As part of a sweeping reorganization, the British Army plans to cut its fleet of Challenger 2 tanks from 227 vehicles to just 148. The remaining tanks will fill out two heavy brigades that will form the steely core of one of just two fighting divisions that army will be able to field in coming years.
The good news is that London plans to spend hundreds of millions of dollars upgrading the tanks to the Challenger 3 standard with a new turret holding a new and more powerful main gun.
The bad news is that a force of just 148 tanks leaves nothing in reserve. After the reorganization is complete, the British Army’s armored brigades will be a “use-once resource,” according to Stuart Crawford, a retired army colonel and 20-year veteran of the Royal Tank Regiment.
“When I joined my regiment in 1980, the British Army of the Rhine alone had 900 tanks,” Crawford wrote in U.K. Defense Journal. “Now we will have roughly one-sixth of that number. It’s far too few, and indicative I’m afraid of the decline of our land forces over successive defense reviews. How are the mighty fallen!”
That the army gets to keep any of its tanks actually comes as a surprise to some. There were rumors ahead of the mid-March pronouncements from London that the defense ministry might eliminate all of the Challenger 2s in order to save money and transition the army to a medium-weight force.
Instead, the current defense review reduces heavy brigades from three to two, cancels upgrades to 1980s-vintage Warrior fighting vehicles and continues plans to introduce new wheeled and tracked armored personnel carriers in order to refresh the lower echelons of two deployable divisions.
A long-planned—and long-delayed—effort to upgrade the Challenger 2s will proceed with a budget of around $900 million. Replacing the old tanks’ turrets and adding a NATO-standard, 120-millimeter smoothbore cannon—as opposed to the British tank’s current rifled cannon—transforms a Challenger 2 into a Challenger 3.
Buying German-made Leopard 2A7 tanks might have been a better idea, according to Crawford, but he’s not displeased with the Challenger 3’s specs.
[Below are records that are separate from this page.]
definition connected_sub :: "('a \<Rightarrow> 'a \<Rightarrow> int) \<Rightarrow> 'a set \<Rightarrow> bool" where
  "connected_sub C S \<longleftrightarrow> (\<forall>a\<in>S. \<forall>b\<in>S. \<exists>p n. walk C S p n a b)"

definition DynComp :: "'a set \<Rightarrow> ('a \<Rightarrow> 'a \<Rightarrow> int) \<Rightarrow> 'a \<Rightarrow> 'a set" where
  "DynComp D C a = comp C D a"

definition rk :: "'a set \<Rightarrow> ('a \<Rightarrow> 'a \<Rightarrow> int) \<Rightarrow> 'a \<Rightarrow> nat" where
  "rk D C a = card (DynComp D C a)"

definition dist :: "'a set \<Rightarrow> ('a \<Rightarrow> 'a \<Rightarrow> int) \<Rightarrow> 'a \<Rightarrow> 'a \<Rightarrow> nat" where
  "dist D C a b = (LEAST n. \<exists>p. walk C D p n a b)"

definition Iab :: "'a set \<Rightarrow> ('a \<Rightarrow> 'a \<Rightarrow> int) \<Rightarrow> 'a \<Rightarrow> 'a \<Rightarrow> 'a set" where
  "Iab D C a b = \<Inter> {S. S \<subseteq> D \<and> connected_sub C S \<and> a \<in> S \<and> b \<in> S}"

definition extremal :: "('a \<Rightarrow> 'a \<Rightarrow> int) \<Rightarrow> 'a set \<Rightarrow> 'a \<Rightarrow> bool" where
  "extremal C I b \<longleftrightarrow> b \<in> I \<and> card {g\<in>I. adj C b g} \<le> 1"

end

theory Submission
  imports Defs
begin

text \<open>Let c_i be the coefficient of gamma_i in lambda - mu, and c_(k+1) = 0. As lambda - mu
  has nonnegative coefficients and the off-diagonal Cartan entries are nonpositive integers,
  the pairing of lambda - mu with the coroot of gamma_i is at most 2 c_i - c_(i-1) - c_(i+1).
  At alpha this pairing is an integer larger than r_alpha; at gamma_i with i >= 1 it is
  nonnegative, since gamma_i is not in Supp mu and lambda is dominant. So c is discretely
  concave with an initial jump of at least r_alpha + 1, which gives (i) by induction upwards.
  The gamma_i are distinct, since a repetition would shorten a path of length k = d(alpha, beta);
  hence r_alpha >= k + 1, and (ii) follows from (i) by induction downwards from c_(k+1) = 0.\<close>

lemma cartan_zero_sym:
  assumes "finite_cartan D C" "a \<in> D" "b \<in> D"
  shows "C a b = 0 \<longleftrightarrow> C b a = 0"
  using assms unfolding finite_cartan_def by blast

lemma adj_sym:
  assumes "finite_cartan D C" "a \<in> D" "b \<in> D" "adj C a b"
  shows "adj C b a"
  using assms cartan_zero_sym[OF assms(1-3)] unfolding adj_def by auto

lemma walk_reverse:
  assumes fc: "finite_cartan D C" and "X \<subseteq> D" and w: "walk C X p n a b"
  shows "walk C X (\<lambda>t. p (n - t)) n b a"
  unfolding walk_def
proof (intro conjI allI impI)
  fix t assume "t < n"
  define s where "s = n - Suc t"
  have s: "s < n" "n - t = Suc s" "n - Suc t = s" using \<open>t < n\<close> unfolding s_def by arith+
  have "adj C (p s) (p (Suc s))" "p s \<in> D" "p (Suc s) \<in> D"
    using w s \<open>X \<subseteq> D\<close> unfolding walk_def by auto
  then have "adj C (p (Suc s)) (p s)" using adj_sym[OF fc] by blast
  then show "adj C (p (n - t)) (p (n - Suc t))" using s by simp
qed (use w in \<open>auto simp: walk_def\<close>)

lemma walk_segment:
  assumes w: "walk C X p n a b" and "i \<le> j" "j \<le> n"
  shows "walk C (p ` {0..n}) (\<lambda>t. p (i + t)) (j - i) (p i) (p j)"
  using assms unfolding walk_def by auto

lemma connected_sub_walk_image:
  assumes fc: "finite_cartan D C" and "X \<subseteq> D" and w: "walk C X p n a b"
  shows "connected_sub C (p ` {0..n})"
  unfolding connected_sub_def
proof (intro ballI)
  fix u v assume "u \<in> p ` {0..n}" "v \<in> p ` {0..n}"
  then obtain i j where ij: "i \<le> n" "j \<le> n" "u = p i" "v = p j" by auto
  have "p ` {0..n} \<subseteq> X" using w unfolding walk_def by auto
  then have PD: "p ` {0..n} \<subseteq> D" using \<open>X \<subseteq> D\<close> by (rule order.trans)
  show "\<exists>q m. walk C (p ` {0..n}) q m u v"
  proof (cases "i \<le> j")
    case True
    then show ?thesis using walk_segment[OF w True \<open>j \<le> n\<close>] ij by blast
  next
    case False
    then have "j \<le> i" by simp
    then show ?thesis using walk_reverse[OF fc PD walk_segment[OF w \<open>j \<le> i\<close> \<open>i \<le> n\<close>]] ij by blast
  qed
qed

lemma Iab_subset_walk_image:
  assumes "finite_cartan D C" and "X \<subseteq> D" and w: "walk C X p n a b"
  shows "Iab D C a b \<subseteq> p ` {0..n}"
proof -
  have "p ` {0..n} \<subseteq> D" "a \<in> p ` {0..n}" "b \<in> p ` {0..n}"
    using w \<open>X \<subseteq> D\<close> unfolding walk_def by force+
  then show ?thesis
    unfolding Iab_def using connected_sub_walk_image[OF assms] by (intro Inter_lower) auto
qed

lemma dist_le_walk:
  assumes "walk C D p n a b"
  shows "dist D C a b \<le> n"
  unfolding dist_def using assms by (intro Least_le) blast

text \<open>Consecutive members of a chain with nonzero Cartan entries may coincide, as \<open>C a a = 2\<close>.\<close>

lemma stuttering_chain_injective_walk:
  fixes \<gamma> :: "nat \<Rightarrow> 'a"
  assumes "\<forall>i<m. \<gamma> (Suc i) = \<gamma> i \<or> adj C (\<gamma> i) (\<gamma> (Suc i))"
    and "\<forall>i\<le>m. \<gamma> i \<in> X"
  shows "\<exists>p n. walk C X p n (\<gamma> 0) (\<gamma> m) \<and> inj_on p {0..n} \<and> p ` {0..n} \<subseteq> \<gamma> ` {0..m}"
  using assms
proof (induction m)
  case 0
  have "walk C X (\<lambda>_. \<gamma> 0) 0 (\<gamma> 0) (\<gamma> 0)" using 0 by (simp add: walk_def)
  then show ?case by fastforce
next
  case (Suc m)
  then obtain p n where p: "walk C X p n (\<gamma> 0) (\<gamma> m)" "inj_on p {0..n}" "p ` {0..n} \<subseteq> \<gamma> ` {0..m}"
    by auto
  have mono: "\<gamma> ` {0..m} \<subseteq> \<gamma> ` {0..Suc m}" by auto
  consider "\<gamma> (Suc m) = \<gamma> m" | "\<gamma> (Suc m) \<in> p ` {0..n}"
    | "adj C (\<gamma> m) (\<gamma> (Suc m))" "\<gamma> (Suc m) \<notin> p ` {0..n}"
    using Suc.prems(1) by auto
  then show ?case
  proof cases
    case 1
    then show ?thesis using p mono by (metis order.trans)
  next
    case 2
    then obtain l where l: "l \<le> n" "p l = \<gamma> (Suc m)" by auto
    have "walk C X p l (\<gamma> 0) (\<gamma> (Suc m))" using p(1) l unfolding walk_def by auto
    moreover have "inj_on p {0..l}" using p(2) l by (auto intro: inj_on_subset)
    moreover have "p ` {0..l} \<subseteq> \<gamma> ` {0..Suc m}" using p(3) l mono by fastforce
    ultimately show ?thesis by blast
  next
    case 3
    define p' where "p' = p(Suc n := \<gamma> (Suc m))"
    have range: "{0..Suc n} = insert (Suc n) {0..n}" by (simp add: atLeastAtMostSuc_conv)
    have same: "p' ` {0..n} = p ` {0..n}" unfolding p'_def by (simp add: fun_upd_image)
    have "inj_on p' {0..n}" unfolding p'_def using p(2) 3(2) by (rule inj_on_fun_updI)
    have "walk C X p' (Suc n) (\<gamma> 0) (\<gamma> (Suc m))"
      unfolding walk_def
    proof (intro conjI allI impI)
      fix i assume "i \<le> Suc n"
      then show "p' i \<in> X"
        using p(1) Suc.prems(2) unfolding walk_def p'_def by (cases "i = Suc n") auto
    next
      fix i assume "i < Suc n"
      then show "adj C (p' i) (p' (Suc i))"
        using p(1) 3(1) unfolding walk_def p'_def by (cases "i = n") auto
    qed (use p(1) in \<open>simp_all add: walk_def p'_def\<close>)
    moreover have "inj_on p' {0..Suc n}"
      using \<open>inj_on p' {0..n}\<close> 3(2) same unfolding range by (simp add: p'_def)
    moreover have "p' ` {0..Suc n} \<subseteq> \<gamma> ` {0..Suc m}"
      using p(3) mono same unfolding range by (auto simp: p'_def)
    ultimately show ?thesis by blast
  qed
qed

lemma comp_subset: "comp C X a \<subseteq> X"
  unfolding comp_def walk_def by auto

lemma self_in_comp: "a \<in> X \<Longrightarrow> a \<in> comp C X a"
  unfolding comp_def walk_def by (intro CollectI exI[of _ "\<lambda>_. a"] exI[of _ 0]) simp

lemma Iab_subset_comp:
  assumes "finite_cartan D C" and "X \<subseteq> D" and "b \<in> comp C X a"
  shows "Iab D C a b \<subseteq> X"
proof -
  obtain p n where p: "walk C X p n a b" using \<open>b \<in> comp C X a\<close> unfolding comp_def by blast
  have "p ` {0..n} \<subseteq> X" using p unfolding walk_def by auto
  with Iab_subset_walk_image[OF assms(1,2) p] show ?thesis by (rule order.trans)
qed

lemma card_le_rk:
  assumes "finite_cartan D C" and "S \<subseteq> DynComp D C a"
  shows "card S \<le> rk D C a"
proof -
  have "DynComp D C a \<subseteq> D" unfolding DynComp_def by (rule comp_subset)
  then have "finite (DynComp D C a)"
    using assms(1) unfolding finite_cartan_def by (blast intro: finite_subset)
  then show ?thesis unfolding rk_def using assms(2) by (rule card_mono)
qed

lemma geodesic_chain_inj_on:
  assumes fc: "finite_cartan D C" and inD: "\<forall>i\<le>k. \<gamma> i \<in> D"
    and linked: "\<forall>i\<in>{1..k}. C (\<gamma> i) (\<gamma> (i - 1)) \<noteq> 0"
    and "j \<le> k" and geodesic: "k = dist D C (\<gamma> 0) (\<gamma> j)"
  shows "inj_on \<gamma> {0..k}"
proof -
  have "\<forall>i<j. \<gamma> (Suc i) = \<gamma> i \<or> adj C (\<gamma> i) (\<gamma> (Suc i))"
  proof (intro allI impI)
    fix i assume "i < j"
    then have "C (\<gamma> (Suc i)) (\<gamma> i) \<noteq> 0" "\<gamma> i \<in> D" "\<gamma> (Suc i) \<in> D"
      using bspec[OF linked, of "Suc i"] inD \<open>j \<le> k\<close> by auto
    then have "C (\<gamma> i) (\<gamma> (Suc i)) \<noteq> 0" using cartan_zero_sym[OF fc] by blast
    then show "\<gamma> (Suc i) = \<gamma> i \<or> adj C (\<gamma> i) (\<gamma> (Suc i))" by (auto simp: adj_def)
  qed
  moreover have "\<forall>i\<le>j. \<gamma> i \<in> D" using inD \<open>j \<le> k\<close> by auto
  ultimately have
    "\<exists>p n. walk C D p n (\<gamma> 0) (\<gamma> j) \<and> inj_on p {0..n} \<and> p ` {0..n} \<subseteq> \<gamma> ` {0..j}"
    by (rule stuttering_chain_injective_walk)
  then obtain p n where p: "walk C D p n (\<gamma> 0) (\<gamma> j)" "inj_on p {0..n}"
    "p ` {0..n} \<subseteq> \<gamma> ` {0..j}"
    by blast
  have "\<gamma> ` {0..j} \<subseteq> \<gamma> ` {0..k}" using \<open>j \<le> k\<close> by (intro image_mono) simp
  with p(3) have sub: "p ` {0..n} \<subseteq> \<gamma> ` {0..k}" by (rule order.trans)
  have "card {0..k} \<le> n + 1" using dist_le_walk[OF p(1)] geodesic by simp
  also have "n + 1 = card (p ` {0..n})" using p(2) by (simp add: card_image)
  also have "\<dots> \<le> card (\<gamma> ` {0..k})" using sub by (rule card_mono[rotated]) simp
  finally have "card {0..k} \<le> card (\<gamma> ` {0..k})" .
  moreover have "card (\<gamma> ` {0..k}) \<le> card {0..k}" by (rule card_image_le) simp
  ultimately show ?thesis by (intro eq_card_imp_inj_on) simp_all
qed

lemma pairing_diff:
  "pairing D C (\<lambda>g. x g - y g) a = pairing D C x a - pairing D C y a"
  unfolding pairing_def by (simp add: sum_subtractf left_diff_distrib)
The problem, he wrote, is one of capacity.
“What is undoubtedly true is that 150 odd [Challengers] is far too few for a credible deterrent or foe for a peer or near peer enemy,” Crawford explained. “It’s basically three regiments’ worth without reserve, or two with. Or possibly two regiments’ worth at 75 apiece with no reserve.”
“However you look at it, that’s not very many at all, and confirms the sad fact that our armored brigades can only play a bit part in someone else’s military alliance or coalition, as arguably they have had to do for the last 70 years or so.”
Crawford placed the 148-tank force in historical context. In the summer of 1944, British and Canadian tank regiments lost a third of their tanks in just three days.
“It’s difficult to extrapolate this forward to today, of course, but let’s just for argument’s sake assume a likely daily loss of 10 percent of tank strength in any future high-intensity conflict against a peer enemy,” Crawford wrote. “And let’s also presume that an armored unit’s effectiveness and cohesion ends when losses reach about 50 percent of strength—others would say less than this.”
“A rough calculation indicates that the U.K. tank fleet would last about a week but, unlike in 1944, there are no replacement vehicles immediately available.”
“With only 148 tanks in the inventory, it is unsustainable in any combat for more than a few days,” Crawford concluded, “and there is no backup to fill the gaps.”